0.970152995474183 {'C': 30, 'gamma': 5, 'kernel': 'rbf'}
0.9700429965939914 {'C': 20, 'gamma': 5, 'kernel': 'rbf'}
0.9699395190651575 {'C': 35, 'gamma': 5, 'kernel': 'rbf'}
0.9695167096591023 {'C': 25, 'gamma': 5, 'kernel': 'rbf'}
0.9690424222560828 {'C': 30, 'gamma': 7, 'kernel': 'rbf'}
0.9688738810827904 {'C': 20, 'gamma': 7, 'kernel': 'rbf'}
0.9685552408166632 {'C': 25, 'gamma': 7, 'kernel': 'rbf'}
0.9684765174321134 {'C': 35, 'gamma': 7, 'kernel': 'rbf'}
0.9684230487979996 {'C': 30, 'gamma': 9, 'kernel': 'rbf'}
0.9682398959871898 {'C': 20, 'gamma': 9, 'kernel': 'rbf'}
0.9678321268972503 {'C': 25, 'gamma': 9, 'kernel': 'rbf'}
0.9673133240363618 {'C': 35, 'gamma': 9, 'kernel': 'rbf'}


Since there was only a very small increase in performance, we will stop the search here.

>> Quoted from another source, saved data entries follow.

text \<open>
  For a multishift, \<open>S\<^sub>j\<^sup>* S\<^sub>j\<close> is diagonal with entries \<open>\<parallel>S\<^sub>j e\<^sub>u\<parallel>\<^sup>2\<close>, so the joint
  Gram operator is multiplication by \<open>c(u) = \<Sum>\<^sub>j \<parallel>S\<^sub>j e\<^sub>u\<parallel>\<^sup>2\<close> and its inverse is
  multiplication by \<open>1/c\<close>. Hence the spherical Cauchy dual is again a multishift, with
  weights \<open>\<lambda>\<^sub>j(w) / c(par\<^sub>j w)\<close>. In any decomposition \<open>S\<^sub>j = T\<^sub>j D\<close> the factor \<open>D\<close> must be
  multiplication by \<open>\<surd>c\<close> (because \<open>\<Sum>\<^sub>j \<parallel>T\<^sub>j e\<^sub>u\<parallel>\<^sup>2 = 1\<close>), which forces \<open>T\<^sub>j\<close> to be the
  multishift with weights \<open>\<lambda>\<^sub>j(w) / \<surd>c(par\<^sub>j w)\<close>; this gives uniqueness.

  A multishift commutes iff its weights satisfy
  \<open>\<lambda>\<^sub>i(x) \<lambda>\<^sub>j(par\<^sub>i x) = \<lambda>\<^sub>j(x) \<lambda>\<^sub>i(par\<^sub>j x)\<close>. Since \<open>S\<close> commutes and \<open>par\<^sub>i\<close>, \<open>par\<^sub>j\<close>
  commute, dividing the weights by \<open>g(par\<^sub>j w)\<close> preserves this identity iff \<open>g\<close> is
  constant on the parents of every vertex. Taking \<open>g = c\<close> and \<open>g = \<surd>c\<close> yields
  (i) \<open>\<longleftrightarrow>\<close> (ii) \<open>\<longleftrightarrow>\<close> (iii).
\<close>

section \<open>Square-summable functions\<close>

lemma l2_summable: "f \<in> l2 A \<Longrightarrow> (\<lambda>x. (cmod (f x))\<^sup>2) summable_on UNIV"
  by (simp add: l2_def)
(* Suppose $X$ has well-defined scattered $\Pi_1$-products, $\kappa$ is a countable limit ordinal, and $\{A_\lambda\}_{\lambda<\kappa}$ is a transfinite sequence of homotopy cut-sets for paths $\alpha,\beta:[0,1]\to X$ such that (1) $A_{\lambda+1}\subseteq A_\lambda$ for all $\lambda<\kappa$; (2) $A_\lambda=\bigcap_{\mu<\lambda}A_\mu$ for every limit ordinal $\lambda<\kappa$; (3) whenever $(c,d)\in\mathcal{I}(A_{\lambda+1})$ contains $(a,b)\in\mathcal{I}(A_\lambda)$, we have $\alpha|_{[c,a]}\simeq\beta|_{[c,a]}$ if $c<a$ and $\alpha|_{[b,d]}\simeq\beta|_{[b,d]}$ if $b<d$. Then $A_\kappa=\bigcap_{\lambda<\kappa}A_\lambda$ is a homotopy cut-set for $\alpha$ and $\beta$.
   Context: $\simeq$ is path-homotopy. For a compact set $A\subseteq\mathbb{R}$, $\mathcal{I}(A)$ is the set of connected components of $[\min A,\max A]\setminus A$. For paths $\alpha,\beta:[s,t]\to X$, a set $A\subseteq[s,t]$ is a homotopy cut-set for $\alpha,\beta$ if $A$ is closed, nowhere dense, contains $\{s,t\}$, $\alpha|_A=\beta|_A$, and $\alpha|_{[a,b]}\simeq\beta|_{[a,b]}$ for every $(a,b)\in\mathcal{I}(A)$. $X$ has well-defined scattered $\Pi_1$-products if any two paths $[0,1]\to X$ admitting a scattered homotopy cut-set are path-homotopic. *)

theory Defs
  imports "HOL-Analysis.Analysis"
begin

definition scattered_set :: "real set \<Rightarrow> bool" where
  "scattered_set A \<longleftrightarrow>
     (\<forall>B\<subseteq>A. B \<noteq> {} \<longrightarrow> (\<exists>x\<in>B. \<exists>e>0. ball x e \<inter> B = {x}))"

definition gap_intervals :: "real set \<Rightarrow> (real \<times> real) set" where
  "gap_intervals A = (\<lambda>C. (Inf C, Sup C)) ` components ({Inf A..Sup A} - A)"

text \<open>Restriction of a path to [a,b], reparametrised affinely over [0,1]
  (same as the library's subpath, which requires a normed vector space).\<close>
definition restr_path :: "real \<Rightarrow> real \<Rightarrow> (real \<Rightarrow> 'a) \<Rightarrow> real \<Rightarrow> 'a" where
  "restr_path a b g = (\<lambda>x. g ((b - a) * x + a))"

definition homotopy_cut_set :: "'a::topological_space set \<Rightarrow> (real \<Rightarrow> 'a) \<Rightarrow> (real \<Rightarrow> 'a) \<Rightarrow> real set \<Rightarrow> bool" where
  "homotopy_cut_set S \<alpha> \<beta> A \<longleftrightarrow>
     closed A \<and> A \<subseteq> {0..1} \<and> interior (closure A) = {} \<and> 0 \<in> A \<and> 1 \<in> A \<and>
     (\<forall>x\<in>A. \<alpha> x = \<beta> x) \<and>
     (\<forall>(a,b)\<in>gap_intervals A. homotopic_paths S (restr_path a b \<alpha>) (restr_path a b \<beta>))"

definition well_defined_scattered_products :: "'a::topological_space set \<Rightarrow> bool" where
  "well_defined_scattered_products S \<longleftrightarrow>
     (\<forall>\<alpha> \<beta>. path \<alpha> \<and> path_image \<alpha> \<subseteq> S \<and> path \<beta> \<and> path_image \<beta> \<subseteq> S \<and>
        (\<exists>A. scattered_set A \<and> homotopy_cut_set S \<alpha> \<beta> A) \<longrightarrow> homotopic_paths S \<alpha> \<beta>)"

end

theory Submission
  imports Defs
begin

text \<open>Let \<open>(a, b)\<close> be a gap of \<open>K = \<Inter>i. A i\<close> and pick \<open>t \<in> (a, b)\<close> outside the first set
  of the family. For each stage \<open>i\<close> let \<open>(l i, r i)\<close> be the gap of \<open>A i\<close> containing \<open>t\<close>. The left
  ends decrease to \<open>a\<close>, the right ends increase to \<open>b\<close>, and by the limit condition both are
  continuous at limit stages. Hence \<open>{a, b} \<union> {l i} \<union> {r i}\<close> is a countable closed subset of
  \<open>[a, b]\<close>, and each of its gaps is either the first gap \<open>(l i\<^sub>0, r i\<^sub>0)\<close> or of the form
  \<open>(l (i + 1), l i)\<close> or \<open>(r i, r (i + 1))\<close>, where condition (3) provides the homotopy.
  Countable closed sets are scattered, so after rescaling \<open>[a, b]\<close> to \<open>[0, 1]\<close> the
  well-definedness of scattered products gives \<open>\<alpha>|[a,b] \<simeq> \<beta>|[a,b]\<close>.\<close>

section \<open>Gaps of closed sets of reals\<close>

lemma open_connected_real_eq_interval:
  fixes X :: "real set"
  assumes "open X" "connected X" "bounded X" "X \<noteq> {}"
  shows "X = {Inf X<..<Sup X}"
proof
  have bdd: "bdd_below X" "bdd_above X"
    using \<open>bounded X\<close> by (simp_all add: bounded_imp_bdd_below bounded_imp_bdd_above)
  then have "X \<subseteq> {Inf X..Sup X}"
    by (auto intro: cInf_lower cSup_upper)
  from interior_mono[OF this] show "X \<subseteq> {Inf X<..<Sup X}"
    using interior_open[OF \<open>open X\<close>] by simp
  show "{Inf X<..<Sup X} \<subseteq> X"
  proof
    fix y assume "y \<in> {Inf X<..<Sup X}"
    then obtain x1 x2 where "x1 \<in> X" "x1 < y" "x2 \<in> X" "y < x2"
      using cInf_less_iff[OF \<open>X \<noteq> {}\<close> bdd(1)] less_cSup_iff[OF \<open>X \<noteq> {}\<close> bdd(2)] by auto
    then show "y \<in> X"
      using \<open>connected X\<close> unfolding connected_iff_interval by (meson less_imp_le)
  qed
qed

definition is_gap :: "real set \<Rightarrow> real \<Rightarrow> real \<Rightarrow> bool" where
  "is_gap C p q \<longleftrightarrow> p < q \<and> p \<in> C \<and> q \<in> C \<and> {p<..<q} \<inter> C = {}"

lemma component_complement_eq_gap:
  fixes C :: "real set"
  assumes C: "closed C" "C \<subseteq> {lo..hi}" "lo \<in> C" "hi \<in> C"
    and X: "X \<in> components ({lo..hi} - C)"
  obtains p q where "X = {p<..<q}" "is_gap C p q"
proof -
  let ?U = "{lo..hi} - C"
  have XU: "X \<subseteq> ?U" and "X \<noteq> {}"
    using X by (simp_all add: in_components_subset in_components_nonempty)
  have "?U = {lo<..<hi} - C"
    using C by (auto simp: less_le)
  then have "open ?U"
    using C(1) by (simp add: open_Diff)
  then have "open X"
    using X open_components by blast
  moreover have "bounded X"
    using XU bounded_subset[of "{lo..hi}"] by auto
  ultimately have X_eq: "X = {Inf X<..<Sup X}"
    using X \<open>X \<noteq> {}\<close> by (simp add: in_components_connected open_connected_real_eq_interval)
  define p q where "p = Inf X" and "q = Sup X"
  have X_pq: "X = {p<..<q}"
    using X_eq by (simp add: p_def q_def)
  then have lt: "p < q"
    using \<open>X \<noteq> {}\<close> by (metis greaterThanLessThan_empty_iff not_less)
  obtain T where T: "closed T" "X = ?U \<inter> T"
    using closedin_component[OF X] closedin_closed by metis
  have "closure X \<subseteq> T \<inter> {lo..hi}"
    using T XU by (intro closure_minimal) auto
  then have "p \<in> T \<inter> {lo..hi}" "q \<in> T \<inter> {lo..hi}"
    using closure_greaterThanLessThan[OF lt] X_pq lt by auto
  moreover have "p \<notin> X" "q \<notin> X"
    using X_pq by auto
  ultimately have "p \<in> C" "q \<in> C"
    using T(2) by auto
  moreover have "{p<..<q} \<inter> C = {}"
    using XU X_pq by auto
  ultimately show thesis
    using that X_pq lt by (simp add: is_gap_def)
qed

lemma is_gap_nested_eq:
  assumes gap: "is_gap C p q" and gap': "is_gap C p' q'" and sub: "{p<..<q} \<subseteq> {p'<..<q'}"
  shows "p' = p \<and> q' = q"
proof -
  have "p < q"
    using gap by (simp add: is_gap_def)
  then obtain m where m: "p < m" "m < q"
    using dense by blast
  then have m': "p' < m" "m < q'"
    using sub by auto
  have "\<not> p < p'" "\<not> q' < q"
    using gap gap' m m' by (auto simp: is_gap_def disjoint_iff)
  moreover have "\<not> p' < p" "\<not> q < q'"
    using gap gap' m m' by (auto simp: is_gap_def disjoint_iff)
  ultimately show ?thesis
    by simp
qed

lemma gap_intervals_iff_is_gap:
  fixes C :: "real set"
  assumes C: "closed C" "C \<subseteq> {lo..hi}" "lo \<in> C" "hi \<in> C"
  shows "(p, q) \<in> gap_intervals C \<longleftrightarrow> is_gap C p q"
proof -
  have bounds: "Inf C = lo" "Sup C = hi"
    using C by (auto intro!: cInf_eq_minimum cSup_eq_maximum)
  show ?thesis
  proof
    assume "(p, q) \<in> gap_intervals C"
    then obtain X where X: "X \<in> components ({lo..hi} - C)" "p = Inf X" "q = Sup X"
      unfolding gap_intervals_def bounds by auto
    then obtain p' q' where "X = {p'<..<q'}" "is_gap C p' q'"
      using component_complement_eq_gap[OF C] by blast
    then show "is_gap C p q"
      using X by (simp add: is_gap_def)
  next
    assume gap: "is_gap C p q"
    moreover have "lo \<le> p" "q \<le> hi"
      using gap C(2) by (auto simp: is_gap_def)
    ultimately have "{p<..<q} \<subseteq> {lo..hi} - C" "{p<..<q} \<noteq> {}"
      by (auto simp: is_gap_def)
    then obtain X where X: "X \<in> components ({lo..hi} - C)" "{p<..<q} \<subseteq> X"
      using exists_component_superset[of "{p<..<q}" "{lo..hi} - C"] by (metis connected_Ioo subset_empty)
    then obtain p' q' where "X = {p'<..<q'}" "is_gap C p' q'"
      using component_complement_eq_gap[OF C] by blast
    then have "Inf X = p \<and> Sup X = q"
      using is_gap_nested_eq[OF gap] X(2) by (simp add: is_gap_def)
    then show "(p, q) \<in> gap_intervals C"
      unfolding gap_intervals_def bounds using X(1) by force
  qed
qed

lemma is_gap_uminus: "is_gap (uminus ` C) p q \<longleftrightarrow> is_gap C (- q) (- p)"
proof -
  have "{p<..<q} \<inter> uminus ` C = uminus ` ({- q<..<- p} \<inter> C)"
    by (auto simp: image_iff minus_less_iff less_minus_iff)
  moreover have "x \<in> uminus ` C \<longleftrightarrow> - x \<in> C" for x
    using image_eqI[of x uminus "- x" C] by auto
  ultimately show ?thesis
    by (auto simp: is_gap_def)
qed

lemma is_gap_Un_cases:
  fixes L R :: "real set"
  assumes gap: "is_gap (L \<union> R) p q"
    and L: "L \<subseteq> {..l}" "l \<in> L" and R: "R \<subseteq> {r..}" "r \<in> R" and "l < r"
  shows "is_gap L p q \<or> is_gap R p q \<or> (p = l \<and> q = r)"
proof -
  have pq: "p < q" "p \<in> L \<union> R" "q \<in> L \<union> R" "{p<..<q} \<inter> (L \<union> R) = {}"
    using gap by (simp_all add: is_gap_def)
  consider "q \<in> L" | "p \<in> R" | "p \<in> L" "q \<in> R"
    using pq by blast
  then show ?thesis
  proof cases
    case 1
    then have "p \<in> L"
      using pq L R \<open>l < r\<close> by fastforce
    with 1 show ?thesis
      using pq by (auto simp: is_gap_def)
  next
    case 2
    then have "q \<in> R"
      using pq L R \<open>l < r\<close> by fastforce
    with 2 show ?thesis
      using pq by (auto simp: is_gap_def)
  next
    case 3
    then have "p \<le> l" "r \<le> q"
      using L R by auto
    moreover have "l \<notin> {p<..<q}" "r \<notin> {p<..<q}"
      using pq L R by blast+
    ultimately show ?thesis
      using \<open>l < r\<close> by auto
  qed
qed

section \<open>Countable cut-sets\<close>

lemma countable_closed_has_isolated:
  fixes S :: "real set"
  assumes S: "closed S" "countable S" "S \<noteq> {}"
  shows "\<exists>x. x isolated_in S"
proof (rule ccontr)
  assume none: "\<nexists>x. x isolated_in S"
  define G where "G = (\<lambda>x. S - {x}) ` S"
  have "S \<subseteq> closure (\<Inter>G)"
  proof (rule Baire[OF S(1)])
    show "countable G"
      using S(2) by (simp add: G_def)
    fix T assume "T \<in> G"
    then obtain x where x: "x \<in> S" "T = S - {x}"
      by (auto simp: G_def)
    have "x islimpt S"
      using none x isolated_in_islimpt_iff by blast
    then have "x \<in> closure T"
      using x(2) islimpt_in_closure by blast
    moreover have "S \<subseteq> insert x T"
      using x(2) by auto
    ultimately have "S \<subseteq> closure T"
      using closure_subset[of T] by auto
    moreover have "openin (top_of_set S) T"
      using x(2) by (simp add: openin_delete)
    ultimately show "openin (top_of_set S) T \<and> S \<subseteq> closure T"
      by blast
  qed
  moreover have "\<Inter>G = {}"
  proof -
    have "y \<notin> \<Inter>G" for y
    proof
      assume y: "y \<in> \<Inter>G"
      obtain z where "z \<in> S"
        using S(3) by blast
      then have "S - {z} \<in> G"
        unfolding G_def by (rule imageI)
      then have "y \<in> S"
        using y by blast
      then have "S - {y} \<in> G"
        unfolding G_def by (rule imageI)
      then show False
        using y by blast
    qed
    then show ?thesis
      by blast
  qed
  ultimately show False
    using S(3) by simp
qed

## Analysing Time Performance

In [28]:
# average time per prediction
from time import time
best_svm = grid_search_minimum.best_estimator_
best_svm.fit(minimum_X, data["labels"])

start = time()
best_svm.predict(minimum_X)
end = time()
print((end - start) / len(minimum_X))

8.932372619365824e-05


## Conclusion

The best SVM model uses Geometric transformation, with kernel = "rbf", C = 30 and gamma = 5, with a performance of 97.02%.
<br><br>
The average time per prediction is 0.00009 seconds.